If you asked a biologist five years ago, “What is the ideal research tool?” the answer would most likely have been: a tool that allows me to fail fewer experiments. But today, as AI protein design technology continues to mature, as automated experimental equipment gradually connects to the cloud, and as hundreds of specialized tools and expert knowledge are integrated into a single interface accessible via conversation—the new answer is emerging:
The ideal research platform is one that frees scientists from tedious repetitive work, allowing them to focus on the creativity and judgment that truly require human intelligence.
Multiple driving forces resonate behind this trend.
At the policy level, the “14th Five-Year Plan” clearly includes biomanufacturing as a key development area, and the State Council’s “Artificial Intelligence Action Opinions” specifically propose empowering biomanufacturing. Eight departments, including the Ministry of Industry and Information Technology, have issued transformation guidelines across four dimensions: strain design, process prediction, and others. As Yu Xuejun, Chairman of the China Biotech Fermentation Industry Association, puts it, the Party Central Committee “requires breakthroughs in key core technologies across the entire chain.”
At the technological level, protein engineering driven by deep learning is accelerating in maturity. This is a common trend across the industry.
At the industry level, the business model itself is being redefined—from traditional CROs charging “per head” to platform-based companies delivering “per molecule.” It took MatwingsTechnology just over three years to successfully deliver more than 30 industrial projects, with clients spanning Fortune 500 companies and multiple domestic listed companies. The application scenarios of their technical services range from innovative drug development to over ten industries including in vitro diagnostics, food and beverages, beauty and skincare, and textiles and detergents.
A more critical milestone is Matwings's collaboration with GenScript Pharmaceuticals, where AI large models increased the alkali resistance of a non-alkali-tolerant single-domain antibody by 4 times, successfully applying it to 5,000-liter industrial-scale production—the world’s first protein product designed by a large AI model and scaled up to 5,000 liters of industrial production.
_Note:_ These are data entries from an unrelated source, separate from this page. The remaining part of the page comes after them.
lemma holo_curve_comp:
  assumes mor: "qp_morphism X S p" and X: "X \<subseteq> proj_space" and f: "holo_curve X f"
  shows "holo_curve S (p \<circ> f)"
  unfolding holo_curve_def
proof (intro conjI allI)
  fix t show "(p \<circ> f) t \<in> S" using mor f unfolding qp_morphism_def holo_curve_def by auto
next
  fix t0
  have ft0: "f t0 \<in> X" using f unfolding holo_curve_def by blast
  obtain U g where U: "open U" "t0 \<in> U" and g_holo: "\<forall>i. (\<lambda>t. vec_nth (g t) i) holomorphic_on U"
    and g_lift: "\<forall>t\<in>U. g t \<noteq> 0 \<and> f t = proj_pt (g t)"
    using f unfolding holo_curve_def by blast
  obtain h G where chart: "morphism_chart X p h G" "\<forall>v\<in>f t0. h v \<noteq> 0"
    using qp_morphism_chart_at[OF mor X ft0] .
  obtain a d where a: "hom_poly a h" and d: "\<forall>j. hom_poly d (\<lambda>v. vec_nth (G v) j)"
    and rep: "\<forall>P\<in>X. \<forall>v\<in>P. h v \<noteq> 0 \<longrightarrow> G v \<noteq> 0 \<and> p P = proj_pt (G v)"
    using chart(1) unfolding morphism_chart_def by blast
  have comp_holo: "(\<lambda>t. q (g t)) holomorphic_on U" if "q \<in> polyfun coord_funs" for q
    by (rule polyfun_holomorphic_on[OF that]) (use g_holo in auto)
  have g_in_f: "g t \<in> f t" if "t \<in> U" for t using g_lift that in_proj_pt_self by metis
  define U' where "U' = U \<inter> (\<lambda>t. h (g t)) -` (- {0})"
  have "(\<lambda>t. h (g t)) holomorphic_on U" using comp_holo a unfolding hom_poly_def by blast
  then have "open U'" unfolding U'_def
    by (rule continuous_open_preimage[OF holomorphic_on_imp_continuous_on U(1)]) auto
  moreover have "t0 \<in> U'" unfolding U'_def using U(2) g_in_f chart(2) by blast
  moreover have "(\<lambda>t. vec_nth (G (g t)) j) holomorphic_on U'" for j
  proof -
    have "(\<lambda>t. vec_nth (G (g t)) j) holomorphic_on U" using comp_holo d unfolding hom_poly_def by blast
    then show ?thesis by (rule holomorphic_on_subset) (auto simp: U'_def)
  qed
  moreover have "G (g t) \<noteq> 0 \<and> (p \<circ> f) t = proj_pt (G (g t))" if "t \<in> U'" for t
  proof -
    have "t \<in> U" "h (g t) \<noteq> 0" using that unfolding U'_def by auto
    moreover have "f t \<in> X" using f unfolding holo_curve_def by blast
    ultimately have "G (g t) \<noteq> 0 \<and> p (f t) = proj_pt (G (g t))" using rep g_in_f by blast
    then show ?thesis by simp
  qed
  ultimately show "\<exists>U g. open U \<and> t0 \<in> U \<and> (\<forall>i. (\<lambda>t. vec_nth (g t) i) holomorphic_on U) \<and>
      (\<forall>t\<in>U. g t \<noteq> 0 \<and> (p \<circ> f) t = proj_pt (g t))"
    by (intro exI[of _ U'] exI[of _ "\<lambda>t. G (g t)"] conjI ballI allI) simp_all
qed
This marks that the industrial validation of AI protein design has moved beyond the “can it be done” stage and into a new stage of “can it be delivered at scale.”

Industrialized Achievements
5. When Everyone Can "Develop" Their Own Proteins
A few years ago, if you told a graduate student that you could, just like writing a document, use natural language to tell an AI, "I need an enzyme that works at high temperatures," and then receive an experimentally validated candidate molecule within a few weeks, they would most likely think you were talking about science fiction.
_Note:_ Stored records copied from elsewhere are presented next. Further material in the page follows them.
definition is_solution ::
  "real \<Rightarrow> real \<Rightarrow> real \<Rightarrow> real \<Rightarrow> real \<Rightarrow> real \<Rightarrow> real \<Rightarrow>
   (real \<Rightarrow> real) \<Rightarrow> (real \<Rightarrow> real) \<Rightarrow> (real \<Rightarrow> real) \<Rightarrow> bool" where
  "is_solution r1 r2 mu a12 a13 a21 a31 u v w \<longleftrightarrow>
     (\<forall>t\<ge>0.
        (u has_real_derivative (r1 * u t * (1 - u t) - a12 * u t * v t - a13 * u t * w t))
          (at t within {0..}) \<and>
        (v has_real_derivative (r2 * v t * (1 - v t) + a21 * u t * v t))
          (at t within {0..}) \<and>
        (w has_real_derivative (- mu * w t + a31 * u t * w t))
          (at t within {0..}))"

definition dist3 :: "real \<Rightarrow> real \<Rightarrow> real \<Rightarrow> real \<Rightarrow> real \<Rightarrow> real \<Rightarrow> real" where
  "dist3 x1 y1 z1 x2 y2 z2 = sqrt ((x1 - x2)^2 + (y1 - y2)^2 + (z1 - z2)^2)"

end

(*
  The Volterra function H c x = x - c - c ln (x / c) is nonnegative and vanishes only at x = c,
  so V = H us u + (a12 / a21) H vs v + (a13 / a31) H ws w measures how far a positive state is
  from the equilibrium (us, vs, ws). Along solutions the weights make all cross terms cancel:
  V' = - r1 (u - us)^2 - (a12 / a21) r2 (v - vs)^2 <= 0.
  Stability follows because small sublevel sets of V are small neighbourhoods of the equilibrium.
  For attractivity, V is bounded along a solution, hence so are the solution and its derivative;
  V converges and V' is uniformly continuous, so by Barbalat's lemma V' -> 0, i.e. u -> us and
  v -> vs. Finally (ln u)' = - r1 (u - us) - a12 (v - vs) - a13 (w - ws), and Barbalat's lemma
  applied to ln u forces w -> ws.
*)

theory Submission
  imports Defs
begin
(* Let $(X_1,X_2,X_3)$ be nonnegative random variables with a common marginal survival function $\bar F$ and Farlie–Gumbel–Morgenstern survival copula $\hat C(u_1,u_2,u_3)=u_1u_2u_3[1+\theta(1-u_1)(1-u_2)(1-u_3)]$, $-1\le\theta\le1$. Let $t>0$ with $0<k:=\bar F(t)<1$, and define $\mathbf{X}_t=(X_1-t,X_2-t\mid X_1>t,X_2>t)$, $\mathbf{X}^{(3)}_t=(X_1-t,X_2-t\mid X_1>t,X_2>t,X_3\le t)$, $\mathbf{X}^*_t=(X_1-t,X_2-t\mid X_1>t,X_2>t,X_3>t)$. Then the joint survival functions of these three vectors are $\hat D(\bar F_t(x_1),\bar F_t(x_2))$ with $\bar F_t(x)=\bar F(t+x)/\bar F(t)$ and respective dual distortions $\hat D_t(u_1,u_2)=u_1u_2$, $\hat D^{(3)}_t(u_1,u_2)=u_1u_2\dfrac{1-\theta k(1-ku_1)(1-ku_2)}{1-\theta k(1-k)^2}$, $\hat D^{*}_t(u_1,u_2)=u_1u_2\dfrac{1+\theta(1-ku_1)(1-ku_2)(1-k)}{1+\theta(1-k)^3}$. Moreover $\hat D^*_t\le\hat D_t\le\hat D^{(3)}_t$ when $\theta\le0$ and $\hat D^*_t\ge\hat D_t\ge\hat D^{(3)}_t$ when $\theta\ge0$; consequently $\mathbf{X}^*_t\le_{uo}\mathbf{X}_t\le_{uo}\mathbf{X}^{(3)}_t$ for $\theta\le0$, and the reverse orderings hold for $\theta\ge0$.
   Context: Upper orthant order: $\mathbf{X}\le_{uo}\mathbf{Y}$ iff $\Pr(\mathbf{X}>\mathbf{x})\le\Pr(\mathbf{Y}>\mathbf{x})$ for all $\mathbf{x}$ (componentwise). *)

theory Defs
  imports "HOL-Probability.Probability"
begin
Today, this is no longer science fiction.
As Matwings Technology stated when releasing MatwingsVenus™ (Xiaowu™), this platform represents not just the iteration of a tool, but the transformation of R&D capabilities that were previously accessible only to large companies and major research institutes into infrastructure that individuals can also use. From cleaning test tubes and running gels to designing proteins and coordinating automated robots to complete the entire process—the interface of scientific research work is being completely rewritten by AI and automation.
The essence of a biological research platform is evolving from a collection of "an expensive instrument" or "a set of exclusive tools" into a full-stack system that integrates computation, experimentation, and expert knowledge. As more and more APIs are opened, and as more knowledge is condensed into reusable skills, the productivity ceiling in this field will be pushed higher and higher.
For Matwings Technology, this transformation has only just begun. But for any team engaged in protein-related research, an important question to pay attention to is: what kind of platform will you use to design your next protein?